Required action – For this exercise, return exactly the lines of the material below that begin at the one with "(\<forall>j. Poly_Mapping.lookup m'" and stop after the one with "by (simp add: poly_ring_def)".

··· Task data

lemma monomial_power:
  "\<exists>m'. Poly_Mapping.single m r ^ k = Poly_Mapping.single m' (r ^ k) \<and>
        (\<forall>j. Poly_Mapping.lookup m' j = k * Poly_Mapping.lookup m j)"
proof (induction k)
  case 0
  then show ?case by (intro exI[of _ 0]) simp
next
  case (Suc k)
  then obtain m' where m': "Poly_Mapping.single m r ^ k = Poly_Mapping.single m' (r ^ k)"
    "\<forall>j. Poly_Mapping.lookup m' j = k * Poly_Mapping.lookup m j" by blast
  have "Poly_Mapping.single m r ^ Suc k = Poly_Mapping.single (m + m') (r ^ Suc k)"
    using m' by (simp add: mult_single)
  moreover have "\<forall>j. Poly_Mapping.lookup (m + m') j = Suc k * Poly_Mapping.lookup m j"
    using m' by (simp add: lookup_add)
  ultimately show ?case by blast
qed

lemma power_exponents_dvd:
  fixes f :: "'a::comm_ring_1 mpoly"
  assumes p: "prime p" and char: "of_nat p = (0::'a)"
  shows "exponents_dvd p (f ^ p)"
proof -
  have "(of_nat p :: 'a mpoly) = Poly_Mapping.single 0 (of_nat p)" by simp
  then have char_poly: "of_nat p = (0 :: 'a mpoly)" using char by simp
  have "f ^ p = (\<Sum>m\<in>Poly_Mapping.keys f. Poly_Mapping.single m (Poly_Mapping.lookup f m)) ^ p"
    by (simp add: monomial_expansion)
  also have "\<dots> = (\<Sum>m\<in>Poly_Mapping.keys f. Poly_Mapping.single m (Poly_Mapping.lookup f m) ^ p)"
    by (rule freshmans_dream_prime_sum[OF p char_poly])
  finally have expand: "f ^ p = \<dots>" .
  have "exponents_dvd p (Poly_Mapping.single m r ^ p)" for m and r :: 'a
  proof -
    obtain m' where "Poly_Mapping.single m r ^ p = Poly_Mapping.single m' (r ^ p)"
      "\<forall>j. Poly_Mapping.lookup m' j = p * Poly_Mapping.lookup m j"
      using monomial_power by blast
    then show ?thesis unfolding exponents_dvd_def by auto
  qed
  then show ?thesis unfolding expand by (intro exponents_dvd_sum)
qed

lemma poly_ring_iff: "f \<in> poly_ring n \<longleftrightarrow> (\<forall>m\<in>Poly_Mapping.keys f. Poly_Mapping.keys m \<subseteq> {..<n})"
  by (simp add: poly_ring_def)

lemma poly_ring_keys_subset: "f \<in> poly_ring n \<Longrightarrow> Poly_Mapping.keys g \<subseteq> Poly_Mapping.keys f \<Longrightarrow> g \<in> poly_ring n"
  unfolding poly_ring_iff by blast

lemma poly_ring_zero: "0 \<in> poly_ring n"
  unfolding poly_ring_iff by simp

lemma poly_ring_add: "f \<in> poly_ring n \<Longrightarrow> g \<in> poly_ring n \<Longrightarrow> f + g \<in> poly_ring n"
  unfolding poly_ring_iff using keys_add[of f g] by blast

lemma poly_ring_uminus: "f \<in> poly_ring n \<Longrightarrow> - f \<in> poly_ring n"
  unfolding poly_ring_iff by simp

lemma poly_ring_diff: "f \<in> poly_ring n \<Longrightarrow> g \<in> poly_ring n \<Longrightarrow> f - g \<in> poly_ring n"
  unfolding poly_ring_iff using keys_diff[of f g] by blast

lemma poly_ring_sum: "(\<And>i. i \<in> S \<Longrightarrow> f i \<in> poly_ring n) \<Longrightarrow> sum f S \<in> poly_ring n"
  by (induction S rule: infinite_finite_induct) (auto simp: poly_ring_zero poly_ring_add)

lemma poly_ring_mult:
  assumes f: "f \<in> poly_ring n" and g: "g \<in> poly_ring n"
  shows "f * g \<in> poly_ring n"
  unfolding poly_ring_iff
proof
  fix m assume "m \<in> Poly_Mapping.keys (f * g)"
  then obtain u v where "m = u + v" "u \<in> Poly_Mapping.keys f" "v \<in> Poly_Mapping.keys g"
    using keys_mult[of f g] by blast
  then show "Poly_Mapping.keys m \<subseteq> {..<n}"
    using f g keys_add[of u v] unfolding poly_ring_iff by blast
qed

lemma poly_ring_one: "1 \<in> poly_ring n"
  unfolding poly_ring_iff by simp

lemma poly_ring_power: "f \<in> poly_ring n \<Longrightarrow> f ^ k \<in> poly_ring n"
  by (induction k) (auto simp: poly_ring_one poly_ring_mult)

lemma poly_ring_const_mult: "f \<in> poly_ring n \<Longrightarrow> const_poly r * f \<in> poly_ring n"
  by (rule poly_ring_keys_subset[OF _ keys_const_mult])

lemma poly_ring_pdiff: "f \<in> poly_ring n \<Longrightarrow> pdiff i f \<in> poly_ring n"
  unfolding pdiff_def
  by (intro poly_ring_sum) (use keys_minus_single in \<open>fastforce simp: poly_ring_iff\<close>)

lemma mod_pred_nonzero: "(k::nat) mod p \<noteq> 0 \<Longrightarrow> (k - 1) mod p = k mod p - 1"
proof -
  assume nonzero: "k mod p \<noteq> 0"
  then have "k = Suc (k - 1)" by (cases k) auto
  then have "k mod p = (if Suc ((k - 1) mod p) = p then 0 else Suc ((k - 1) mod p))"
    by (metis mod_Suc)
  then show ?thesis using nonzero by (auto split: if_splits)
qed

section \<open>The operator \<open>\<D>\<close> over a ring of characteristic dividing \<open>p\<close>\<close>

locale char_p =
  fixes p :: nat and a :: "nat \<Rightarrow> 'a::comm_ring_1"
  assumes p_pos: "0 < p" and char: "of_nat p = (0::'a)"
begin

lemma of_nat_mod_p: "(of_nat k :: 'a) = of_nat (k mod p)"
proof -
  have "(of_nat k :: 'a) = of_nat p * of_nat (k div p) + of_nat (k mod p)"
    by (metis div_mult_mod_eq mult.commute of_nat_add of_nat_mult)
  then show ?thesis using char by simp
qed

lemma of_nat_multiple_p: "p dvd k \<Longrightarrow> (of_nat k :: 'a) = 0"
  using of_nat_mod_p[of k] by simp

definition Dcomp :: "nat \<Rightarrow> 'a mpoly \<Rightarrow> 'a mpoly" where
  "Dcomp i h = pdiff i h - const_poly (a i) * h"

lemma additive_Dcomp: "additive (Dcomp i)"
  unfolding additive_def Dcomp_def by (simp add: additive.add[OF additive_pdiff] algebra_simps)

lemma Dcomp_single:
  "Dcomp i (Poly_Mapping.single m r) =
    Poly_Mapping.single (m - Poly_Mapping.single i 1) (of_nat (Poly_Mapping.lookup m i) * r)
    - Poly_Mapping.single m (a i * r)"
  by (simp add: Dcomp_def pdiff_single const_mult_single)

lemma Dcomp_const_mult: "Dcomp i (const_poly r * h) = const_poly r * Dcomp i h"
proof -
  have "(Dcomp i \<circ> (\<lambda>x. const_poly r * x)) h = ((\<lambda>x. const_poly r * x) \<circ> Dcomp i) h"
    by (rule additive_eq_on_monomials[OF additive_comp[OF additive_Dcomp additive_mult_left]
          additive_comp[OF additive_mult_left additive_Dcomp]])
      (simp add: const_mult_single Dcomp_single right_diff_distrib algebra_simps)
  then show ?thesis by simp
qed

lemma poly_ring_Dcomp: "h \<in> poly_ring n \<Longrightarrow> Dcomp i h \<in> poly_ring n"
  unfolding Dcomp_def by (intro poly_ring_diff poly_ring_pdiff poly_ring_const_mult)

lemma image_D_iff:
  "x \<in> image_D n a \<longleftrightarrow> (\<exists>h. (\<forall>i<n. h i \<in> poly_ring n) \<and> x = (\<Sum>i<n. Dcomp i (h i)))"
  unfolding image_D_def Dcomp_def by blast

lemma image_D_subset: "image_D n a \<subseteq> poly_ring n"
proof
  fix x assume "x \<in> image_D n a"
  then obtain h where "\<forall>i<n. h i \<in> poly_ring n" "x = (\<Sum>i<n. Dcomp i (h i))"
    unfolding image_D_iff by blast
  then show "x \<in> poly_ring n" by (auto intro!: poly_ring_sum poly_ring_Dcomp)
qed

lemma image_D_zero: "0 \<in> image_D n a"
  unfolding image_D_iff
  by (rule exI[of _ "\<lambda>_. 0"]) (simp add: poly_ring_zero additive.zero[OF additive_Dcomp])

lemma image_D_add:
  assumes "x \<in> image_D n a" "y \<in> image_D n a"
  shows "x + y \<in> image_D n a"
proof -
  obtain h k where h: "\<forall>i<n. h i \<in> poly_ring n" "x = (\<Sum>i<n. Dcomp i (h i))"
    and k: "\<forall>i<n. k i \<in> poly_ring n" "y = (\<Sum>i<n. Dcomp i (k i))"
    using assms unfolding image_D_iff by blast
  have "x + y = (\<Sum>i<n. Dcomp i (h i + k i))"
    using h k by (simp add: additive.add[OF additive_Dcomp] sum.distrib)
  then show ?thesis unfolding image_D_iff using h k
    by (intro exI[of _ "\<lambda>i. h i + k i"]) (simp add: poly_ring_add)
qed

lemma image_D_uminus:
  assumes "x \<in> image_D n a"
  shows "- x \<in> image_D n a"
proof -
  obtain h where h: "\<forall>i<n. h i \<in> poly_ring n" "x = (\<Sum>i<n. Dcomp i (h i))"
    using assms unfolding image_D_iff by blast
  have "- x = (\<Sum>i<n. Dcomp i (- h i))"
    using h by (simp add: additive.minus[OF additive_Dcomp] sum_negf)
  then show ?thesis unfolding image_D_iff using h
    by (intro exI[of _ "\<lambda>i. - h i"]) (simp add: poly_ring_uminus)
qed

lemma image_D_const_mult:
  assumes "x \<in> image_D n a"
  shows "const_poly r * x \<in> image_D n a"
proof -
  obtain h where h: "\<forall>i<n. h i \<in> poly_ring n" "x = (\<Sum>i<n. Dcomp i (h i))"
    using assms unfolding image_D_iff by blast
  have "const_poly r * x = (\<Sum>i<n. Dcomp i (const_poly r * h i))"
    using h by (simp add: sum_distrib_left Dcomp_const_mult)
  then show ?thesis unfolding image_D_iff using h
    by (intro exI[of _ "\<lambda>i. const_poly r * h i"]) (simp add: poly_ring_const_mult)
qed

lemma image_D_single_component:
  assumes X: "X \<in> poly_ring n" and i: "i < n"
  shows "const_poly (a i) * X - pdiff i X \<in> image_D n a"
proof -
  let ?h = "\<lambda>j. if j = i then - X else 0"
  have "(\<Sum>j<n. Dcomp j (?h j)) = (\<Sum>j<n. if j = i then Dcomp j (- X) else 0)"
    by (rule sum.cong) (auto simp: additive.zero[OF additive_Dcomp])
  also have "\<dots> = Dcomp i (- X)" using i by (simp add: sum.delta)
  also have "\<dots> = const_poly (a i) * X - pdiff i X"
    unfolding Dcomp_def using additive.minus[OF additive_pdiff] by simp
  finally show ?thesis unfolding image_D_iff using X
    by (intro exI[of _ ?h]) (auto simp: poly_ring_zero poly_ring_uminus)
qed

lemma image_D_power_component:
  assumes g: "g \<in> poly_ring n" and i: "i < n"
  shows "const_poly (a i) ^ k * g - (pdiff i ^^ k) g \<in> image_D n a"
proof (induction k)
  case 0
  then show ?case by (simp add: image_D_zero)
next
  case (Suc k)
  have derivative: "(pdiff i ^^ k) g \<in> poly_ring n"
    by (induction k) (auto simp: g poly_ring_pdiff)
  have "const_poly (a i) ^ Suc k * g - (pdiff i ^^ Suc k) g =
      const_poly (a i) * (const_poly (a i) ^ k * g - (pdiff i ^^ k) g)
      + (const_poly (a i) * (pdiff i ^^ k) g - pdiff i ((pdiff i ^^ k) g))" (is "_ = ?rhs")
    by (simp add: algebra_simps)
  moreover have "?rhs \<in> image_D n a"
    by (rule image_D_add[OF image_D_const_mult[OF Suc] image_D_single_component[OF derivative i]])
  ultimately show ?case by metis
qed

lemma pdiff_power_single:
  "(pdiff i ^^ k) (Poly_Mapping.single m (r::'a)) =
    Poly_Mapping.single (m - Poly_Mapping.single i k) (of_nat (\<Prod>j<k. Poly_Mapping.lookup m i - j) * r)"
proof (induction k)
  case 0
  then show ?case by simp
next
  case (Suc k)
  have exponent: "m - Poly_Mapping.single i k - Poly_Mapping.single i 1 = m - Poly_Mapping.single i (Suc k)"
    by (rule poly_mapping_eqI) (simp add: lookup_minus_single)
  have "(pdiff i ^^ Suc k) (Poly_Mapping.single m r) = pdiff i ((pdiff i ^^ k) (Poly_Mapping.single m r))"
    by simp
  also have "\<dots> = Poly_Mapping.single (m - Poly_Mapping.single i (Suc k))
      (of_nat (Poly_Mapping.lookup m i - k) * (of_nat (\<Prod>j<k. Poly_Mapping.lookup m i - j) * r))"
    unfolding Suc pdiff_single exponent by (simp add: lookup_minus_single)
  also have "(of_nat (Poly_Mapping.lookup m i - k) * (of_nat (\<Prod>j<k. Poly_Mapping.lookup m i - j) * r) :: 'a)
      = of_nat (\<Prod>j<Suc k. Poly_Mapping.lookup m i - j) * r"
    by (simp only: prod.lessThan_Suc of_nat_mult mult_ac)
  finally show ?case .
qed

text \<open>\<open>\<partial>\<^sub>i ^ p = 0\<close>: the product of \<open>p\<close> consecutive integers is divisible by \<open>p\<close>.\<close>

lemma pdiff_power_p: "(pdiff i ^^ p) (g :: 'a mpoly) = 0"
proof -
  have additive_power: "additive (pdiff i ^^ k)" for k
    by (induction k) (auto simp: additive_def additive.add[OF additive_pdiff])
  have "(pdiff i ^^ p) (Poly_Mapping.single m (r::'a)) = 0" for m r
  proof -
    let ?x = "Poly_Mapping.lookup m i"
    have "?x mod p \<in> {..<p}" using p_pos by simp
    then have "(?x - ?x mod p) dvd (\<Prod>j<p. ?x - j)" by (rule dvd_prodI[OF finite_lessThan])
    moreover have "p dvd (?x - ?x mod p)" by (simp add: minus_mod_eq_mult_div)
    ultimately have "p dvd (\<Prod>j<p. ?x - j)" by (rule dvd_trans[rotated])
    then show ?thesis
      by (simp only: pdiff_power_single of_nat_multiple_p mult_zero_left single_zero)
  qed
  then show ?thesis using additive_expansion[OF additive_power, of p g] by simp
qed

······

Response to this exercise –
        (\<forall>j. Poly_Mapping.lookup m' j = k * Poly_Mapping.lookup m j)"
proof (induction k)
  case 0
  then show ?case by (intro exI[of _ 0]) simp
next
  case (Suc k)
  then obtain m' where m': "Poly_Mapping.single m r ^ k = Poly_Mapping.single m' (r ^ k)"
    "\<forall>j. Poly_Mapping.lookup m' j = k * Poly_Mapping.lookup m j" by blast
  have "Poly_Mapping.single m r ^ Suc k = Poly_Mapping.single (m + m') (r ^ Suc k)"
    using m' by (simp add: mult_single)
  moreover have "\<forall>j. Poly_Mapping.lookup (m + m') j = Suc k * Poly_Mapping.lookup m j"
    using m' by (simp add: lookup_add)
  ultimately show ?case by blast
qed

lemma power_exponents_dvd:
  fixes f :: "'a::comm_ring_1 mpoly"
  assumes p: "prime p" and char: "of_nat p = (0::'a)"
  shows "exponents_dvd p (f ^ p)"
proof -
  have "(of_nat p :: 'a mpoly) = Poly_Mapping.single 0 (of_nat p)" by simp
  then have char_poly: "of_nat p = (0 :: 'a mpoly)" using char by simp
  have "f ^ p = (\<Sum>m\<in>Poly_Mapping.keys f. Poly_Mapping.single m (Poly_Mapping.lookup f m)) ^ p"
    by (simp add: monomial_expansion)
  also have "\<dots> = (\<Sum>m\<in>Poly_Mapping.keys f. Poly_Mapping.single m (Poly_Mapping.lookup f m) ^ p)"
    by (rule freshmans_dream_prime_sum[OF p char_poly])
  finally have expand: "f ^ p = \<dots>" .
  have "exponents_dvd p (Poly_Mapping.single m r ^ p)" for m and r :: 'a
  proof -
    obtain m' where "Poly_Mapping.single m r ^ p = Poly_Mapping.single m' (r ^ p)"
      "\<forall>j. Poly_Mapping.lookup m' j = p * Poly_Mapping.lookup m j"
      using monomial_power by blast
    then show ?thesis unfolding exponents_dvd_def by auto
  qed
  then show ?thesis unfolding expand by (intro exponents_dvd_sum)
qed

lemma poly_ring_iff: "f \<in> poly_ring n \<longleftrightarrow> (\<forall>m\<in>Poly_Mapping.keys f. Poly_Mapping.keys m \<subseteq> {..<n})"
  by (simp add: poly_ring_def)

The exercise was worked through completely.